## AIM OF THE TASK
Go through the following data and transcribe exactly the stretch of lines from the one holding "(((-1), 2, 0), (Base" to the one holding "((0, 1, (-1)), (Base", both included.

Saved entries
text \<open>Certificates found by a computer search, checked below by evaluation.\<close>

definition Uprime_certs :: "((int \<times> int \<times> int) \<times> cert) list" where
  "Uprime_certs = [(((-2), (-2), (-2)), (Base [-2, -2, -1, -1, -2, -2])),
  (((-2), (-2), (-1)), (Window [] 2 (-2) [-1, -1, -2] (-1) (Base [-2, -1, -1, -2]) (Base [-1, -1, -2]) (Base [-1, -2, -2, 1]) (Base [-1, -2, 1, -2, 1]) (Base [-1, -2, 1, 1, -2, 1]))),
  (((-2), (-2), 0), (Base [-2, -2, -1, -1])),
  (((-2), (-2), 1), (Base [-2, 1, -2, -2, -1])),
  (((-2), (-2), 2), (Base [-2, -2, -1, -1, 2, 2])),
  (((-2), (-1), (-2)), (Base [-1, -1, -1, -1, -2, -1, -1, -2, 1, 1, 1])),
  (((-2), (-1), (-1)), (Base [-1, -2, -1, -1])),
  (((-2), (-1), 0), (Base [-2, -2, -1])),
  (((-2), (-1), 1), (Base [-2, 1, -2, -1])),
  (((-2), (-1), 2), (Base [-2, 1, 1, -2, -1])),
  (((-2), 0, (-2)), (Base [-2, -2, -2, -2])),
  (((-2), 0, (-1)), (Base [-2, -2, -2])),
  (((-2), 0, 0), (Base [-2, -2])),
  (((-2), 0, 1), (Base [-2])),
  (((-2), 0, 2), (Base [])),
  (((-2), 1, (-2)), (Window [-2, -2, -2] 1 (-2) [2, 1] (-1) (Base [-2, -2, 1, -2, -1, 1]) (Base [-2, -2, 1]) (Base [1, 2, -1, -1, -1, 1]) (Base [1, 2, -1, -1, 2, -1, 1]) (Base [1, 2, -1, -1, 2, 2, -1, 1]))),
  (((-2), 1, (-1)), (Base [-2, -2, 1, -2])),
  (((-2), 1, 0), (Base [-2, -2, 1])),
  (((-2), 1, 1), (Base [1, 2, -1, -1])),
  (((-2), 1, 2), (Base [1, 2, -1, -1, 2])),
  (((-2), 2, (-2)), (Base [-2, -2, 1, 1, -2, -2])),
  (((-2), 2, (-1)), (Window [-2, -2, -2, -1] 2 2 [1] (-3) (Window [] 2 (-3) [-1, -2, -2, -2, 1] (-2) (Window [1] 2 (-2) [-1, -1, -2, -1, -1, 1] (-1) (Base [1, -2, -1, -1, -2, -1, -1, 1]) (Base [1, -1, -1, -2, -1, -1, 1]) (Base [1, -1, -2, -2, 1, -1, -1, 1]) (Base [1, -1, -2, 1, -2, 1, -1, -1, 1]) (Base [1, -1, -2, 1, 1, -2, 1, -1, -1, 1])) (Base [-1, -1, -1, -2, -1, 1]) (Base [-1, -2, -2, -2, 1]) (Base [-1, -2, 1, -2, -2, 1]) (Base [-1, -2, 1, 1, -2, -2, 1])) (Window [] 2 (-2) [-1, -1, -2, -1, 1] (-1) (Base [-2, -1, -1, -2, -1, 1]) (Base [-1, -1, -2, -1, 1]) (Base [-1, -2, -2, 1, -1, 1]) (Base [-1, -2, 1, -2, 1, -1, 1]) (Base [-1, -2, 1, 1, -2, 1, -1, 1])) (Base [-1, -2, -1, -1, -1, 1]) (Base [-2, -2, -2, -1, 1]) (Base [-2, -2, 1, -2, -1, 1]))),
  (((-2), 2, 0), (Base [-2, -2, 1, 1])),
  (((-2), 2, 1), (Base [1, 2, -1, 2, -1])),
  (((-2), 2, 2), (Base [1, 2, 2, 1, 1, -2, -2, -1])),
  (((-1), (-2), (-2)), (Window [1, 1] 2 (-2) [-1, -1, -2, -1, -1] (-1) (Base [1, 1, -2, -1, -1, -2, -1, -1]) (Base [1, 1, -1, -1, -2, -1, -1]) (Base [1, 1, -1, -2, -2, 1, -1, -1]) (Base [1, 1, -1, -2, 1, -2, 1, -1, -1]) (Base [1, 1, -1, -2, 1, 1, -2, 1, -1, -1]))),
  (((-1), (-2), (-1)), (Base [-2, -1, -1, -2])),
  (((-1), (-2), 0), (Base [-2, -1, -1])),
  (((-1), (-2), 1), (Base [1, -2, -2, -1])),
  (((-1), (-2), 2), (Base [1, -2, 1, -2, -1])),
  (((-1), (-1), (-2)), (Base [-1, -1, -2, -1])),
  (((-1), (-1), (-1)), (Base [-1, -2, -1])),
  (((-1), (-1), 0), (Base [-2, -1])),
  (((-1), (-1), 1), (Base [1, -2, -1])),
  (((-1), (-1), 2), (Base [1, 1, -2, -1])),
  (((-1), 0, (-2)), (Base [-2, -2, -2])),
  (((-1), 0, (-1)), (Base [-2, -2])),
  (((-1), 0, 0), (Base [-2])),
  (((-1), 0, 1), (Base [])),
  (((-1), 0, 2), (Base [2])),
  (((-1), 1, (-2)), (Base [-2, 1, -2, -2])),
  (((-1), 1, (-1)), (Base [-2, 1, -2])),
  (((-1), 1, 0), (Base [-2, 1])),
  (((-1), 1, 1), (Base [1, 2, -1])),
  (((-1), 1, 2), (Base [1, 2, -1, 2])),
  (((-1), 2, (-2)), (Base [-2, 1, 1, -2, -2])),
  (((-1), 2, (-1)), (Base [-2, 1, 1, -2])),
  (((-1), 2, 0), (Base [-2, 1, 1])),
  (((-1), 2, 1), (Base [1, 2, 2, -1])),
  (((-1), 2, 2), (Window [1] 2 2 [-1, 2] (-3) (Base [1, -2, -2, 1, -2, -1]) (Base [1, -2, 1, -2, -1]) (Base [1, 1, -2, -1]) (Base [1, -1, 2]) (Base [1, 2, -1, 2]))),
  ((0, (-2), (-2)), (Base [-1, -1, -2, -2])),
  ((0, (-2), (-1)), (Base [-1, -1, -2])),
  ((0, (-2), 0), (Base [-1, -1, -1, -1, 1, 1])),
  ((0, (-2), 1), (Base [-1, -1, 2])),
  ((0, (-2), 2), (Base [-1, -1, 2, 2])),
  ((0, (-1), (-2)), (Base [-1, -2, -2])),
  ((0, (-1), (-1)), (Base [-1, -2])),
  ((0, (-1), 0), (Base [-1, -1, -1, -1, 1, 1, 1])),
  ((0, (-1), 1), (Base [-1, 2])),
  ((0, (-1), 2), (Base [-1, 2, 2])),
  ((0, 0, (-2)), (Base [-2, -2])),
  ((0, 0, (-1)), (Base [-2])),
  ((0, 0, 0), (Base [])),
  ((0, 0, 1), (Base [2])),
  ((0, 0, 2), (Base [2, 2])),
  ((0, 1, (-2)), (Base [1, -2, -2])),
  ((0, 1, (-1)), (Base [1, -2])),
  ((0, 1, 0), (Base [-1, -1, -1, 1, 1, 1, 1])),
  ((0, 1, 1), (Base [1, 2])),
  ((0, 1, 2), (Base [1, 2, 2])),
  ((0, 2, (-2)), (Base [1, 1, -2, -2])),
  ((0, 2, (-1)), (Base [1, 1, -2])),
  ((0, 2, 0), (Base [-1, -1, 1, 1, 1, 1])),
  ((0, 2, 1), (Base [1, 1, 2])),
  ((0, 2, 2), (Base [1, 1, 2, 2])),
  ((1, (-2), (-2)), (Base [-1, -2, -2, 1, -2])),
  ((1, (-2), (-1)), (Base [-1, -2, -2, 1])),
  ((1, (-2), 0), (Base [2, -1, -1])),
  ((1, (-2), 1), (Base [2, -1, -1, 2])),
  ((1, (-2), 2), (Base [2, -1, -1, 2, 2])),
  ((1, (-1), (-2)), (Base [-1, -2, 1, -2])),
  ((1, (-1), (-1)), (Base [-1, -2, 1])),
  ((1, (-1), 0), (Base [2, -1])),
  ((1, (-1), 1), (Base [2, -1, 2])),
  ((1, (-1), 2), (Window [] 2 2 [1, 1, -2, -1] (-3) (Window [-2, -2, -2] 1 2 [-2, -1] (-3) (Window [] 2 (-4) [-1, -2, -2, -2, 1, -1] (-2) (Window [1] 2 (-2) [-1, -1, -2, -1, -1, 1, -1] (-1) (Base [1, -2, -1, -1, -2, -1, -1, 1, -1]) (Base [1, -1, -1, -2, -1, -1, 1, -1]) (Base [1, -1, -2, -2, 1, -1, -1, 1, -1]) (Base [1, -1, -2, 1, -2, 1, -1, -1, 1, -1]) (Base [1, -1, -2, 1, 1, -2, 1, -1, -1, 1, -1])) (Base [-1, -1, -1, -2, -1, 1, -1]) (Base [-1, -2, -2, -2, 1, -1]) (Base [-1, -2, 1, -2, -2, 1, -1]) (Base [-1, -2, 1, 1, -2, -2, 1, -1])) (Window [] 2 (-3) [-1, -1, -2, -1] (-1) (Base [-2, -1, -1, -2, -1]) (Base [-1, -1, -2, -1]) (Base [-1, -2, -2, 1, -1]) (Base [-1, -2, 1, -2, 1, -1]) (Base [-1, -2, 1, 1, -2, 1, -1])) (Base [-1, -2, -1, -1, -1, -1]) (Base [-2, -2, -2, -2, -1]) (Window [] 2 (-4) [-1, 2, 1, -1] (-3) (Base [-2, -2, 1, -2, -1, 1, -1]) (Base [-2, 1, -2, -1, 1, -1]) (Base [1, -2, -1, 1, -1]) (Base [-1, 2, 1, -1]) (Base [2, -1, 2, 1, -1]))) (Window [-2, -2, -2, -1] 2 2 [1, -1] (-3) (Window [] 2 (-3) [-1, -2, -2, -2, 1, -1] (-2) (Window [1] 2 (-2) [-1, -1, -2, -1, -1, 1, -1] (-1) (Base [1, -2, -1, -1, -2, -1, -1, 1, -1]) (Base [1, -1, -1, -2, -1, -1, 1, -1]) (Base [1, -1, -2, -2, 1, -1, -1, 1, -1]) (Base [1, -1, -2, 1, -2, 1, -1, -1, 1, -1]) (Base [1, -1, -2, 1, 1, -2, 1, -1, -1, 1, -1])) (Base [-1, -1, -1, -2, -1, 1, -1]) (Base [-1, -2, -2, -2, 1, -1]) (Base [-1, -2, 1, -2, -2, 1, -1]) (Base [-1, -2, 1, 1, -2, -2, 1, -1])) (Window [] 2 (-2) [-1, -1, -2, -1, 1, -1] (-1) (Base [-2, -1, -1, -2, -1, 1, -1]) (Base [-1, -1, -2, -1, 1, -1]) (Base [-1, -2, -2, 1, -1, 1, -1]) (Base [-1, -2, 1, -2, 1, -1, 1, -1]) (Base [-1, -2, 1, 1, -2, 1, -1, 1, -1])) (Base [-1, -2, -1, -1, -1, 1, -1]) (Base [-2, -2, -2, -1, 1, -1]) (Base [-2, -2, 1, -2, -1, 1, -1])) (Base [-2, 1, 1, -2, -1]) (Base [1, 1, -2, -1]) (Base [-1, 2, 2, 1, -1]))),
  ((1, 0, (-2)), (Base [-2])),
  ((1, 0, (-1)), (Base [])),
  ((1, 0, 0), (Base [2])),
  ((1, 0, 1), (Base [2, 2])),
  ((1, 0, 2), (Base [2, 2, 2])),
  ((1, 1, (-2)), (Base [-1, -1, 2, 1])),
  ((1, 1, (-1)), (Base [-1, 2, 1])),
  ((1, 1, 0), (Base [2, 1])),
  ((1, 1, 1), (Base [1, 2, 1])),
  ((1, 1, 2), (Base [1, 1, 2, 1])),
  ((1, 2, (-2)), (Base [-1, 2, -1, 2, 1])),
  ((1, 2, (-1)), (Base [-1, 2, 2, 1])),
  ((1, 2, 0), (Base [2, 1, 1])),
  ((1, 2, 1), (Base [2, 1, 1, 2])),
  ((1, 2, 2), (Window [-1, -1] 2 3 [1, 2, 2, 1] (-2) (Base [-1, -1, 1, 2, -1, -1, 2, 1]) (Base [-1, -1, 1, 2, -1, 2, 1]) (Base [-1, -1, 1, 2, 2, 1]) (Base [-1, -1, 1, 1, 2, 1, 1]) (Base [-1, -1, -1, -1, -1, 2, 1, 1, 2, 1, 1, 1, 1, 1]))),
  ((2, (-2), (-2)), (Base [-1, -2, -2, -1, -1, 2, 2, 1])),
  ((2, (-2), (-1)), (Base [-1, -2, 1, -2, 1])),
  ((2, (-2), 0), (Base [2, 2, -1, -1])),
  ((2, (-2), 1), (Window [] 2 2 [-1, -1, 2] (-3) (Window [-2, -2, -2] 1 (-2) [2] (-1) (Base [-2, -2, 1, -2, -1]) (Base [-2, -2]) (Base [1, 2, -1, -1, -1]) (Base [1, 2, -1, -1, 2, -1]) (Base [1, 2, -1, -1, 2, 2, -1])) (Base [-2, 1, -2, -2, -1]) (Base [1, -2, -2, -1]) (Base [-1, -1, 2]) (Base [2, -1, -1, 2]))),
  ((2, (-2), 2), (Base [2, 2, -1, -1, 2, 2])),
  ((2, (-1), (-2)), (Base [-1, -2, 1, 1, -2])),
  ((2, (-1), (-1)), (Base [-1, -2, 1, 1])),
  ((2, (-1), 0), (Base [2, 2, -1])),
  ((2, (-1), 1), (Window [] 2 2 [-1, 2] (-3) (Base [-2, -2, 1, -2, -1]) (Base [-2, 1, -2, -1]) (Base [1, -2, -1]) (Base [-1, 2]) (Base [2, -1, 2]))),
  ((2, (-1), 2), (Window [] 2 3 [1, 1, -2, -1] (-3) (Window [-2, -2, -2] 1 2 [-2, -1] (-3) (Window [] 2 (-4) [-1, -2, -2, -2, 1, -1] (-2) (Window [1] 2 (-2) [-1, -1, -2, -1, -1, 1, -1] (-1) (Base [1, -2, -1, -1, -2, -1, -1, 1, -1]) (Base [1, -1, -1, -2, -1, -1, 1, -1]) (Base [1, -1, -2, -2, 1, -1, -1, 1, -1]) (Base [1, -1, -2, 1, -2, 1, -1, -1, 1, -1]) (Base [1, -1, -2, 1, 1, -2, 1, -1, -1, 1, -1])) (Base [-1, -1, -1, -2, -1, 1, -1]) (Base [-1, -2, -2, -2, 1, -1]) (Base [-1, -2, 1, -2, -2, 1, -1]) (Base [-1, -2, 1, 1, -2, -2, 1, -1])) (Window [] 2 (-3) [-1, -1, -2, -1] (-1) (Base [-2, -1, -1, -2, -1]) (Base [-1, -1, -2, -1]) (Base [-1, -2, -2, 1, -1]) (Base [-1, -2, 1, -2, 1, -1]) (Base [-1, -2, 1, 1, -2, 1, -1])) (Base [-1, -2, -1, -1, -1, -1]) (Base [-2, -2, -2, -2, -1]) (Window [] 2 (-4) [-1, 2, 1, -1] (-3) (Base [-2, -2, 1, -2, -1, 1, -1]) (Base [-2, 1, -2, -1, 1, -1]) (Base [1, -2, -1, 1, -1]) (Base [-1, 2, 1, -1]) (Base [2, -1, 2, 1, -1]))) (Window [-2, -2, -2, -1] 2 2 [1, -1] (-3) (Window [] 2 (-3) [-1, -2, -2, -2, 1, -1] (-2) (Window [1] 2 (-2) [-1, -1, -2, -1, -1, 1, -1] (-1) (Base [1, -2, -1, -1, -2, -1, -1, 1, -1]) (Base [1, -1, -1, -2, -1, -1, 1, -1]) (Base [1, -1, -2, -2, 1, -1, -1, 1, -1]) (Base [1, -1, -2, 1, -2, 1, -1, -1, 1, -1]) (Base [1, -1, -2, 1, 1, -2, 1, -1, -1, 1, -1])) (Base [-1, -1, -1, -2, -1, 1, -1]) (Base [-1, -2, -2, -2, 1, -1]) (Base [-1, -2, 1, -2, -2, 1, -1]) (Base [-1, -2, 1, 1, -2, -2, 1, -1])) (Window [] 2 (-2) [-1, -1, -2, -1, 1, -1] (-1) (Base [-2, -1, -1, -2, -1, 1, -1]) (Base [-1, -1, -2, -1, 1, -1]) (Base [-1, -2, -2, 1, -1, 1, -1]) (Base [-1, -2, 1, -2, 1, -1, 1, -1]) (Base [-1, -2, 1, 1, -2, 1, -1, 1, -1])) (Base [-1, -2, -1, -1, -1, 1, -1]) (Base [-2, -2, -2, -1, 1, -1]) (Base [-2, -2, 1, -2, -1, 1, -1])) (Base [-2, 1, 1, -2, -1]) (Base [1, 1, -2, -1]) (Base [-1, 2, 2, 1, -1]))),
  ((2, 0, (-2)), (Base [])),
  ((2, 0, (-1)), (Base [2])),
  ((2, 0, 0), (Base [2, 2])),
  ((2, 0, 1), (Base [2, 2, 2])),
  ((2, 0, 2), (Base [2, 2, 2, 2])),
  ((2, 1, (-2)), (Base [2, -1, -1, 2, 1])),
  ((2, 1, (-1)), (Base [2, -1, 2, 1])),
  ((2, 1, 0), (Base [2, 2, 1])),
  ((2, 1, 1), (Base [1, 2, 1, 1])),
  ((2, 1, 2), (Base [-1, -1, -1, 2, 1, 1, 2, 1, 1, 1, 1])),
  ((2, 2, (-2)), (Base [2, 2, 1, 1, -2, -2])),
  ((2, 2, (-1)), (Window [] 2 2 [1, 1, -2] (-3) (Window [-2, -2, -2] 1 2 [-2] (-3) (Window [] 2 (-4) [-1, -2, -2, -2, 1] (-2) (Window [1] 2 (-2) [-1, -1, -2, -1, -1, 1] (-1) (Base [1, -2, -1, -1, -2, -1, -1, 1]) (Base [1, -1, -1, -2, -1, -1, 1]) (Base [1, -1, -2, -2, 1, -1, -1, 1]) (Base [1, -1, -2, 1, -2, 1, -1, -1, 1]) (Base [1, -1, -2, 1, 1, -2, 1, -1, -1, 1])) (Base [-1, -1, -1, -2, -1, 1]) (Base [-1, -2, -2, -2, 1]) (Base [-1, -2, 1, -2, -2, 1]) (Base [-1, -2, 1, 1, -2, -2, 1])) (Window [] 2 (-3) [-1, -1, -2] (-1) (Base [-2, -1, -1, -2]) (Base [-1, -1, -2]) (Base [-1, -2, -2, 1]) (Base [-1, -2, 1, -2, 1]) (Base [-1, -2, 1, 1, -2, 1])) (Base [-1, -2, -1, -1, -1]) (Base [-2, -2, -2, -2]) (Window [] 2 (-4) [-1, 2, 1] (-3) (Base [-2, -2, 1, -2, -1, 1]) (Base [-2, 1, -2, -1, 1]) (Base [1, -2, -1, 1]) (Base [-1, 2, 1]) (Base [2, -1, 2, 1]))) (Window [-2, -2, -2, -1] 2 2 [1] (-3) (Window [] 2 (-3) [-1, -2, -2, -2, 1] (-2) (Window [1] 2 (-2) [-1, -1, -2, -1, -1, 1] (-1) (Base [1, -2, -1, -1, -2, -1, -1, 1]) (Base [1, -1, -1, -2, -1, -1, 1]) (Base [1, -1, -2, -2, 1, -1, -1, 1]) (Base [1, -1, -2, 1, -2, 1, -1, -1, 1]) (Base [1, -1, -2, 1, 1, -2, 1, -1, -1, 1])) (Base [-1, -1, -1, -2, -1, 1]) (Base [-1, -2, -2, -2, 1]) (Base [-1, -2, 1, -2, -2, 1]) (Base [-1, -2, 1, 1, -2, -2, 1])) (Window [] 2 (-2) [-1, -1, -2, -1, 1] (-1) (Base [-2, -1, -1, -2, -1, 1]) (Base [-1, -1, -2, -1, 1]) (Base [-1, -2, -2, 1, -1, 1]) (Base [-1, -2, 1, -2, 1, -1, 1]) (Base [-1, -2, 1, 1, -2, 1, -1, 1])) (Base [-1, -2, -1, -1, -1, 1]) (Base [-2, -2, -2, -1, 1]) (Base [-2, -2, 1, -2, -1, 1])) (Base [-2, 1, 1, -2]) (Base [1, 1, -2]) (Base [-1, 2, 2, 1]))),
  ((2, 2, 0), (Base [2, 2, 1, 1])),
  ((2, 2, 1), (Window [] 2 3 [1, 2, 2, -1] (-2) (Base [1, 2, -1, -1, 2, -1]) (Base [1, 2, -1, 2, -1]) (Base [1, 2, 2, -1]) (Base [1, 1, 2, 1, -1]) (Base [-1, -1, -1, 2, 1, 1, 2, 1, 1, 1, 1, -1]))),
  ((2, 2, 2), (Base [2, 2, 1, 1, 2, 2]))]"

## ANSWER AREA
  (((-1), 2, 0), (Base [-2, 1, 1])),
  (((-1), 2, 1), (Base [1, 2, 2, -1])),
  (((-1), 2, 2), (Window [1] 2 2 [-1, 2] (-3) (Base [1, -2, -2, 1, -2, -1]) (Base [1, -2, 1, -2, -1]) (Base [1, 1, -2, -1]) (Base [1, -1, 2]) (Base [1, 2, -1, 2]))),
  ((0, (-2), (-2)), (Base [-1, -1, -2, -2])),
  ((0, (-2), (-1)), (Base [-1, -1, -2])),
  ((0, (-2), 0), (Base [-1, -1, -1, -1, 1, 1])),
  ((0, (-2), 1), (Base [-1, -1, 2])),
  ((0, (-2), 2), (Base [-1, -1, 2, 2])),
  ((0, (-1), (-2)), (Base [-1, -2, -2])),
  ((0, (-1), (-1)), (Base [-1, -2])),
  ((0, (-1), 0), (Base [-1, -1, -1, -1, 1, 1, 1])),
  ((0, (-1), 1), (Base [-1, 2])),
  ((0, (-1), 2), (Base [-1, 2, 2])),
  ((0, 0, (-2)), (Base [-2, -2])),
  ((0, 0, (-1)), (Base [-2])),
  ((0, 0, 0), (Base [])),
  ((0, 0, 1), (Base [2])),
  ((0, 0, 2), (Base [2, 2])),
  ((0, 1, (-2)), (Base [1, -2, -2])),
  ((0, 1, (-1)), (Base [1, -2])),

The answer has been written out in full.